═══ Source material ═══
lemma lo_normalises_in_unique: "lo_normalises_in t k \<Longrightarrow> lo_normalises_in t k' \<Longrightarrow> k = k'"
proof (induction k arbitrary: t k')
  case 0
  then show ?case by (cases k') (auto split: option.splits)
next
  case (Suc k)
  then show ?case by (cases k') (auto split: option.splits)
qed

lemma lo_step_foldl_Cl:
  assumes "lo_step (Cl a b) = Some u"
  shows "lo_step (foldl Cl (Cl a b) ss) = Some (foldl Cl u ss)"
proof (induction ss rule: rev_induct)
  case (snoc s ss)
  have "root_step (Cl (foldl Cl (Cl a b) ss) s) = None"
    by (cases ss rule: rev_cases) auto
  with snoc show ?case by simp
qed (use assms in simp)

lemma is_idx_funpow_Sc: "is_idx ((Sc ^^ j) Z)"
  by (induction j) auto

lemma is_term_foldl_Cl_Sh: "is_term (foldl Cl t (replicate k Sh)) \<longleftrightarrow> is_term t"
  by (induction k arbitrary: t) auto

lemma is_term_foldl_ClD: "is_term (foldl Cl t ss) \<Longrightarrow> is_term t"
  by (induction ss arbitrary: t) fastforce+

lemma lo_normalises_in_shifts: "lo_normalises_in (foldl Cl ((Sc ^^ j) Z) (replicate k Sh) :: 'v rt) k"
proof (induction k arbitrary: j)
  case 0
  have "lo_step ((Sc ^^ j) Z :: 'v rt) = None" by (induction j) auto
  then show ?case by simp
next
  case (Suc k)
  have "lo_step (Cl ((Sc ^^ j) Z) Sh :: 'v rt) = Some ((Sc ^^ Suc j) Z)"
    using is_idx_funpow_Sc[of j] by (cases j) auto
  then have "lo_step (foldl Cl ((Sc ^^ j) Z) (replicate (Suc k) Sh) :: 'v rt)
      = Some (foldl Cl ((Sc ^^ Suc j) Z) (replicate k Sh))"
    unfolding replicate_Suc foldl_Cons by (rule lo_step_foldl_Cl)
  with Suc.IH[of "Suc j"] show ?case by (simp add: lo_normalises_in_Suc_step)
qed

lemma normalises_in_shifts: "normalises_in (foldl Cl Z (replicate k Sh)) k"
  using lo_normalises_in_shifts[of 0 k] by (simp add: normalises_in_iff is_term_foldl_Cl_Sh)

lemma rjoin_foldl_Cl: "rjoin (foldl Cl h ss) = foldl Cl (rjoin h) (map rjoin ss)"
  by (induction ss arbitrary: h) auto

lemma map_rt_foldl_Cl: "map_rt f (foldl Cl h ss) = foldl Cl (map_rt f h) (map (map_rt f) ss)"
  by (induction ss arbitrary: h) auto

lemma set_rt_foldl_Cl: "set_rt (foldl Cl h ss) = set_rt h \<union> (\<Union>s\<in>set ss. set_rt s)"
  by (induction ss arbitrary: h) auto

(* \<beta> is a right-hand side in which every occurrence of a non-terminal Y is paired with a word of L(Y). *)
lemma Lang_production:
  assumes "(X, map_rt fst \<beta>) \<in> P" and "\<forall>(Y, t) \<in> set_rt \<beta>. t \<in> Lang P Y"
  shows "rjoin (map_rt snd \<beta>) \<in> Lang P X"
proof -
  have "\<forall>p \<in> set_rt \<beta>. \<exists>d. valid P d \<and> dnt d = fst p \<and> yield d = snd p"
    using assms(2) unfolding Lang_def by fastforce
  then obtain d where d: "\<And>p. p \<in> set_rt \<beta> \<Longrightarrow> valid P (d p) \<and> dnt (d p) = fst p \<and> yield (d p) = snd p"
    by metis
  have "map_rt dnt (map_rt d \<beta>) = map_rt fst \<beta>"
    using d by (simp add: rt.map_comp cong: rt.map_cong)
  with assms(1) d have "valid P (DV X (map_rt d \<beta>))"
    by (intro valid.intros) (auto simp: rt.set_map)
  moreover have "yield (DV X (map_rt d \<beta>)) = rjoin (map_rt snd \<beta>)"
    using d by (simp add: rt.map_comp cong: rt.map_cong)
  ultimately show ?thesis
    unfolding Lang_def by force
qed

lemma Lang_Lambda_words:
  assumes "Lambda_prods \<subseteq> P"
  shows "Z \<in> Lang P NN" "Z \<in> Lang P NT" "Sc Z \<in> Lang P NT" "Sh \<in> Lang P NS" "Cl Z Sh \<in> Lang P NT"
proof -
  have prods: "(NN, Z) \<in> P" "(NN, Sc (V NN)) \<in> P" "(NT, V NN) \<in> P" "(NS, Sh) \<in> P"
    "(NT, Cl (V NT) (V NS)) \<in> P"
    using assms unfolding Lambda_prods_def by auto
  show Z: "Z \<in> Lang P NN"
    using Lang_production[of _ Z] prods by simp
  show Z_NT: "Z \<in> Lang P NT"
    using Lang_production[of _ "V (NN, Z)"] prods Z by simp
  have "Sc Z \<in> Lang P NN"
    using Lang_production[of _ "Sc (V (NN, Z))"] prods Z by simp
  then show "Sc Z \<in> Lang P NT"
    using Lang_production[of _ "V (NN, Sc Z)"] prods by simp
  show Sh: "Sh \<in> Lang P NS"
    using Lang_production[of _ Sh] prods by simp
  show "Cl Z Sh \<in> Lang P NT"
    using Lang_production[of _ "Cl (V (NT, Z)) (V (NS, Sh))"] prods Z_NT Sh by simp
qed

lemma Lang_nonempty:
  assumes "ureduction_grammar n P" and "Y \<in> NTs n"
  shows "Lang P Y \<noteq> {}"
proof (cases Y)
  case (NG k)
  with assms have "Lang P Y = {t. normalises_in t k}"
    unfolding ureduction_grammar_def NTs_def by auto
  then show ?thesis
    using normalises_in_shifts by blast
qed (use assms(1) Lang_Lambda_words[of P] in \<open>auto simp: ureduction_grammar_def\<close>)

lemma Lang_closure_context:
  assumes "(X, foldl Cl (V H) ss) \<in> P" and "\<forall>s \<in> set ss. \<forall>Y \<in> set_rt s. Lang P Y \<noteq> {}"
  shows "\<exists>ts. \<forall>t \<in> Lang P H. foldl Cl t ts \<in> Lang P X"
proof -
  define w where "w Y = (SOME t. t \<in> Lang P Y)" for Y
  define annotate where "annotate = map_rt (\<lambda>Y. (Y, w Y))"
  have "foldl Cl t (map (rjoin \<circ> map_rt w) ss) \<in> Lang P X" if "t \<in> Lang P H" for t
  proof -
    have "\<forall>s \<in> set ss. \<forall>Y \<in> set_rt s. w Y \<in> Lang P Y"
      using assms(2) unfolding w_def by (metis some_in_eq)
    with that have "\<forall>(Y, u) \<in> set_rt (foldl Cl (V (H, t)) (map annotate ss)). u \<in> Lang P Y"
      by (auto simp: set_rt_foldl_Cl annotate_def rt.set_map)
    moreover have "map_rt fst (foldl Cl (V (H, t)) (map annotate ss)) = foldl Cl (V H) ss"
      by (simp add: map_rt_foldl_Cl annotate_def rt.map_comp comp_def rt.map_ident)
    moreover have "rjoin (map_rt snd (foldl Cl (V (H, t)) (map annotate ss)))
        = foldl Cl t (map (rjoin \<circ> map_rt w) ss)"
      by (simp add: map_rt_foldl_Cl rjoin_foldl_Cl annotate_def rt.map_comp comp_def)
    ultimately show ?thesis
      using Lang_production[of X _ P] assms(1) by metis
  qed
  then show ?thesis by blast
qed

lemma chead_not_Cl: "chead t \<noteq> Cl a b"
  by (induction t rule: chead.induct) auto

lemma foldl_Cl_chead: "\<exists>ss. t = foldl Cl (chead t) ss"
proof (induction t)
  case (Cl a s)
  then obtain ss where "a = foldl Cl (chead a) ss" by blast
  then show ?case by (intro exI[of _ "ss @ [s]"]) simp
qed (auto intro: exI[of _ "[]"])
═══
# [Task requirements]
Every record above should be written out exactly.

# [Solved problem]
lemma lo_normalises_in_unique: "lo_normalises_in t k \<Longrightarrow> lo_normalises_in t k' \<Longrightarrow> k = k'"
proof (induction k arbitrary: t k')
  case 0
  then show ?case by (cases k') (auto split: option.splits)
next
  case (Suc k)
  then show ?case by (cases k') (auto split: option.splits)
qed

lemma lo_step_foldl_Cl:
  assumes "lo_step (Cl a b) = Some u"
  shows "lo_step (foldl Cl (Cl a b) ss) = Some (foldl Cl u ss)"
proof (induction ss rule: rev_induct)
  case (snoc s ss)
  have "root_step (Cl (foldl Cl (Cl a b) ss) s) = None"
    by (cases ss rule: rev_cases) auto
  with snoc show ?case by simp
qed (use assms in simp)

lemma is_idx_funpow_Sc: "is_idx ((Sc ^^ j) Z)"
  by (induction j) auto

lemma is_term_foldl_Cl_Sh: "is_term (foldl Cl t (replicate k Sh)) \<longleftrightarrow> is_term t"
  by (induction k arbitrary: t) auto

lemma is_term_foldl_ClD: "is_term (foldl Cl t ss) \<Longrightarrow> is_term t"
  by (induction ss arbitrary: t) fastforce+

lemma lo_normalises_in_shifts: "lo_normalises_in (foldl Cl ((Sc ^^ j) Z) (replicate k Sh) :: 'v rt) k"
proof (induction k arbitrary: j)
  case 0
  have "lo_step ((Sc ^^ j) Z :: 'v rt) = None" by (induction j) auto
  then show ?case by simp
next
  case (Suc k)
  have "lo_step (Cl ((Sc ^^ j) Z) Sh :: 'v rt) = Some ((Sc ^^ Suc j) Z)"
    using is_idx_funpow_Sc[of j] by (cases j) auto
  then have "lo_step (foldl Cl ((Sc ^^ j) Z) (replicate (Suc k) Sh) :: 'v rt)
      = Some (foldl Cl ((Sc ^^ Suc j) Z) (replicate k Sh))"
    unfolding replicate_Suc foldl_Cons by (rule lo_step_foldl_Cl)
  with Suc.IH[of "Suc j"] show ?case by (simp add: lo_normalises_in_Suc_step)
qed

lemma normalises_in_shifts: "normalises_in (foldl Cl Z (replicate k Sh)) k"
  using lo_normalises_in_shifts[of 0 k] by (simp add: normalises_in_iff is_term_foldl_Cl_Sh)

lemma rjoin_foldl_Cl: "rjoin (foldl Cl h ss) = foldl Cl (rjoin h) (map rjoin ss)"
  by (induction ss arbitrary: h) auto

lemma map_rt_foldl_Cl: "map_rt f (foldl Cl h ss) = foldl Cl (map_rt f h) (map (map_rt f) ss)"
  by (induction ss arbitrary: h) auto

lemma set_rt_foldl_Cl: "set_rt (foldl Cl h ss) = set_rt h \<union> (\<Union>s\<in>set ss. set_rt s)"
  by (induction ss arbitrary: h) auto

(* \<beta> is a right-hand side in which every occurrence of a non-terminal Y is paired with a word of L(Y). *)
lemma Lang_production:
  assumes "(X, map_rt fst \<beta>) \<in> P" and "\<forall>(Y, t) \<in> set_rt \<beta>. t \<in> Lang P Y"
  shows "rjoin (map_rt snd \<beta>) \<in> Lang P X"
proof -
  have "\<forall>p \<in> set_rt \<beta>. \<exists>d. valid P d \<and> dnt d = fst p \<and> yield d = snd p"
    using assms(2) unfolding Lang_def by fastforce
  then obtain d where d: "\<And>p. p \<in> set_rt \<beta> \<Longrightarrow> valid P (d p) \<and> dnt (d p) = fst p \<and> yield (d p) = snd p"
    by metis
  have "map_rt dnt (map_rt d \<beta>) = map_rt fst \<beta>"
    using d by (simp add: rt.map_comp cong: rt.map_cong)
  with assms(1) d have "valid P (DV X (map_rt d \<beta>))"
    by (intro valid.intros) (auto simp: rt.set_map)
  moreover have "yield (DV X (map_rt d \<beta>)) = rjoin (map_rt snd \<beta>)"
    using d by (simp add: rt.map_comp cong: rt.map_cong)
  ultimately show ?thesis
    unfolding Lang_def by force
qed

lemma Lang_Lambda_words:
  assumes "Lambda_prods \<subseteq> P"
  shows "Z \<in> Lang P NN" "Z \<in> Lang P NT" "Sc Z \<in> Lang P NT" "Sh \<in> Lang P NS" "Cl Z Sh \<in> Lang P NT"
proof -
  have prods: "(NN, Z) \<in> P" "(NN, Sc (V NN)) \<in> P" "(NT, V NN) \<in> P" "(NS, Sh) \<in> P"
    "(NT, Cl (V NT) (V NS)) \<in> P"
    using assms unfolding Lambda_prods_def by auto
  show Z: "Z \<in> Lang P NN"
    using Lang_production[of _ Z] prods by simp
  show Z_NT: "Z \<in> Lang P NT"
    using Lang_production[of _ "V (NN, Z)"] prods Z by simp
  have "Sc Z \<in> Lang P NN"
    using Lang_production[of _ "Sc (V (NN, Z))"] prods Z by simp
  then show "Sc Z \<in> Lang P NT"
    using Lang_production[of _ "V (NN, Sc Z)"] prods by simp
  show Sh: "Sh \<in> Lang P NS"
    using Lang_production[of _ Sh] prods by simp
  show "Cl Z Sh \<in> Lang P NT"
    using Lang_production[of _ "Cl (V (NT, Z)) (V (NS, Sh))"] prods Z_NT Sh by simp
qed

lemma Lang_nonempty:
  assumes "ureduction_grammar n P" and "Y \<in> NTs n"
  shows "Lang P Y \<noteq> {}"
proof (cases Y)
  case (NG k)
  with assms have "Lang P Y = {t. normalises_in t k}"
    unfolding ureduction_grammar_def NTs_def by auto
  then show ?thesis
    using normalises_in_shifts by blast
qed (use assms(1) Lang_Lambda_words[of P] in \<open>auto simp: ureduction_grammar_def\<close>)

lemma Lang_closure_context:
  assumes "(X, foldl Cl (V H) ss) \<in> P" and "\<forall>s \<in> set ss. \<forall>Y \<in> set_rt s. Lang P Y \<noteq> {}"
  shows "\<exists>ts. \<forall>t \<in> Lang P H. foldl Cl t ts \<in> Lang P X"
proof -
  define w where "w Y = (SOME t. t \<in> Lang P Y)" for Y
  define annotate where "annotate = map_rt (\<lambda>Y. (Y, w Y))"
  have "foldl Cl t (map (rjoin \<circ> map_rt w) ss) \<in> Lang P X" if "t \<in> Lang P H" for t
  proof -
    have "\<forall>s \<in> set ss. \<forall>Y \<in> set_rt s. w Y \<in> Lang P Y"
      using assms(2) unfolding w_def by (metis some_in_eq)
    with that have "\<forall>(Y, u) \<in> set_rt (foldl Cl (V (H, t)) (map annotate ss)). u \<in> Lang P Y"
      by (auto simp: set_rt_foldl_Cl annotate_def rt.set_map)
    moreover have "map_rt fst (foldl Cl (V (H, t)) (map annotate ss)) = foldl Cl (V H) ss"
      by (simp add: map_rt_foldl_Cl annotate_def rt.map_comp comp_def rt.map_ident)
    moreover have "rjoin (map_rt snd (foldl Cl (V (H, t)) (map annotate ss)))
        = foldl Cl t (map (rjoin \<circ> map_rt w) ss)"
      by (simp add: map_rt_foldl_Cl rjoin_foldl_Cl annotate_def rt.map_comp comp_def)
    ultimately show ?thesis
      using Lang_production[of X _ P] assms(1) by metis
  qed
  then show ?thesis by blast
qed

lemma chead_not_Cl: "chead t \<noteq> Cl a b"
  by (induction t rule: chead.induct) auto

lemma foldl_Cl_chead: "\<exists>ss. t = foldl Cl (chead t) ss"
proof (induction t)
  case (Cl a s)
  then obtain ss where "a = foldl Cl (chead a) ss" by blast
  then show ?case by (intro exI[of _ "ss @ [s]"]) simp
qed (auto intro: exI[of _ "[]"])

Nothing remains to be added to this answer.